- Born: 1966 or 1967 (age 58–59) West Germany
- Education: Columbia University Yale Law School
- Spouse: Ellen D. Katz ​(m. 1996)​
- Scientific career
- Fields: Constitutional law Comparative federalism European Union
- Workplaces: University of Michigan Law School

= Daniel Halberstam =

American academic (c. 1966)

Daniel H. Halberstam (born 1966 or 1967) is a German-American legal scholar focusing on comparative constitutional law, transnational law and European law. Halberstam is the Eric Stein Collegiate Professor of Law and Director of the European Legal Studies Program at the University of Michigan Law School. He is also professor at College of Europe.

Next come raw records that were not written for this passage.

(* Let $\alpha>0$, $\beta>0$, $D>0$, integers $T\ge1$ and $W\ge0$, and $2D\le L_T\le DT$. Let $X=[-D/2,D/2]$ and $x_0=0$. Set $\Delta=\lceil T/\lfloor L_T/D\rfloor\rceil$ and $K=\lceil T/\Delta\rceil$. Let $\theta_{k\Delta+1}$, $k=0,\dots,K-1$, be i.i.d. with $\mathbb P(\theta=D/2)=\mathbb P(\theta=-D/2)=1/2$, and let $\theta_t=\theta_{k\Delta+1}$ for $k\Delta+2\le t\le\min(k\Delta+\Delta,T)$. Let $f_t(x)=\frac\alpha2(x-\theta_t)^2$, and let $x^*=\arg\min_{x\in X^T}\sum_{t=1}^T\big(f_t(x_t)+\frac\beta2(x_t-x_{t-1})^2\big)$. Let $J=\{1\le t\le T-W:\ t+W\equiv1\pmod\Delta\}$. Then for any online deterministic algorithm $\mathcal A$ with prediction window $W$, $$\mathbb E|x_t^{\mathcal A}-x_t^*|^2\ge\frac{a_{t,t+W}^2D^2}{4}\qquad\text{for all }t\in J,$$ where $a_{t,s}$ denotes the $(t,s)$ entry of $A=H^{-1}$.
   Context: Online deterministic algorithm with prediction window $W$: $x_t^{\mathcal A}=\mathcal A_t(I_t)$, where $\mathcal A_t$ is a deterministic map and $I_t$ consists of fixed initial knowledge together with $f_1,\dots,f_{\min(t+W-1,T)}$. Thus $x_t^{\mathcal A}$ is a deterministic function of $\theta_1,\dots,\theta_{\min(t+W-1,T)}$. $H\in\mathbb R^{T\times T}$ is the symmetric tridiagonal matrix with diagonal entries $1+2\beta/\alpha$ (except the last, which is $1+\beta/\alpha$) and off-diagonal entries $-\beta/\alpha$. It is invertible, and $x^*=H^{-1}\theta$. *)

theory Defs
  imports Complex_Main "HOL-Library.FuncSet"
begin

text \<open>Vectors/matrices indexed by 1..T are represented as functions on nat
(values outside 1..T are irrelevant / zero).\<close>

definition Hmat :: "real \<Rightarrow> real \<Rightarrow> nat \<Rightarrow> nat \<Rightarrow> nat \<Rightarrow> real" where
  "Hmat \<alpha> \<beta> T i j =
     (if i \<in> {1..T} \<and> j \<in> {1..T} then
        (if i = j then (if i = T then 1 + \<beta>/\<alpha> else 1 + 2*\<beta>/\<alpha>)
         else if i = j + 1 \<or> j = i + 1 then - \<beta>/\<alpha> else 0)
      else 0)"

definition Hinv :: "real \<Rightarrow> real \<Rightarrow> nat \<Rightarrow> nat \<Rightarrow> nat \<Rightarrow> real" where
  "Hinv \<alpha> \<beta> T = (THE A. (\<forall>i j. A i j \<noteq> 0 \<longrightarrow> i \<in> {1..T} \<and> j \<in> {1..T}) \<and>
       (\<forall>i\<in>{1..T}. \<forall>j\<in>{1..T}. (\<Sum>k=1..T. Hmat \<alpha> \<beta> T i k * A k j) = (if i = j then 1 else 0)))"

definition total_cost :: "real \<Rightarrow> real \<Rightarrow> nat \<Rightarrow> (nat \<Rightarrow> real) \<Rightarrow> (nat \<Rightarrow> real) \<Rightarrow> real" where
  "total_cost \<alpha> \<beta> T \<theta> x =
     (\<Sum>t=1..T. \<alpha>/2 * (x t - \<theta> t)^2 + \<beta>/2 * (x t - (if t = 1 then 0 else x (t-1)))^2)"

definition feasible :: "real \<Rightarrow> nat \<Rightarrow> (nat \<Rightarrow> real) set" where
  "feasible D T = {x. (\<forall>t\<in>{1..T}. \<bar>x t\<bar> \<le> D/2) \<and> (\<forall>t. t \<notin> {1..T} \<longrightarrow> x t = 0)}"

definition xstar :: "real \<Rightarrow> real \<Rightarrow> real \<Rightarrow> nat \<Rightarrow> (nat \<Rightarrow> real) \<Rightarrow> nat \<Rightarrow> real" where
  "xstar \<alpha> \<beta> D T \<theta> = (THE x. x \<in> feasible D T \<and>
      (\<forall>y\<in>feasible D T. total_cost \<alpha> \<beta> T \<theta> x \<le> total_cost \<alpha> \<beta> T \<theta> y))"

definition online_alg :: "nat \<Rightarrow> nat \<Rightarrow> (nat \<Rightarrow> (nat \<Rightarrow> real) \<Rightarrow> real) \<Rightarrow> bool" where
  "online_alg T W alg \<longleftrightarrow> (\<forall>t \<theta> \<theta>'. (\<forall>s\<in>{1..min (t+W-1) T}. \<theta> s = \<theta>' s) \<longrightarrow> alg t \<theta> = alg t \<theta>')"

definition Delta :: "real \<Rightarrow> real \<Rightarrow> nat \<Rightarrow> nat" where
  "Delta D L T = nat \<lceil>real T / real_of_int \<lfloor>L / D\<rfloor>\<rceil>"

definition Kblocks :: "real \<Rightarrow> real \<Rightarrow> nat \<Rightarrow> nat" where
  "Kblocks D L T = nat \<lceil>real T / real (Delta D L T)\<rceil>"

definition theta_of :: "real \<Rightarrow> nat \<Rightarrow> nat \<Rightarrow> (nat \<Rightarrow> bool) \<Rightarrow> nat \<Rightarrow> real" where
  "theta_of D T \<Delta> \<sigma> t =
     (if t \<in> {1..T} then (if \<sigma> ((t - 1) div \<Delta>) then D/2 else - D/2) else 0)"

text \<open>Expectation over K i.i.d. uniform signs: uniform average over all sign vectors.\<close>
definition sign_expect :: "nat \<Rightarrow> ((nat \<Rightarrow> bool) \<Rightarrow> real) \<Rightarrow> real" where
  "sign_expect K g = (\<Sum>\<sigma>\<in>PiE {..<K} (\<lambda>_. UNIV). g \<sigma>) / 2 ^ K"

end

theory Submission
  imports Defs
begin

Halberstam earned his B.A. summa cum laude and Phi Beta Kappa, in mathematics from Columbia University and his J.D. from Yale Law School where he served as an articles editor of the Yale Law Journal. He then served as a law clerk to Judge Patricia Wald of the U.S. Court of Appeals for the D.C. Circuit and for Justice David Souter of the U.S. Supreme Court.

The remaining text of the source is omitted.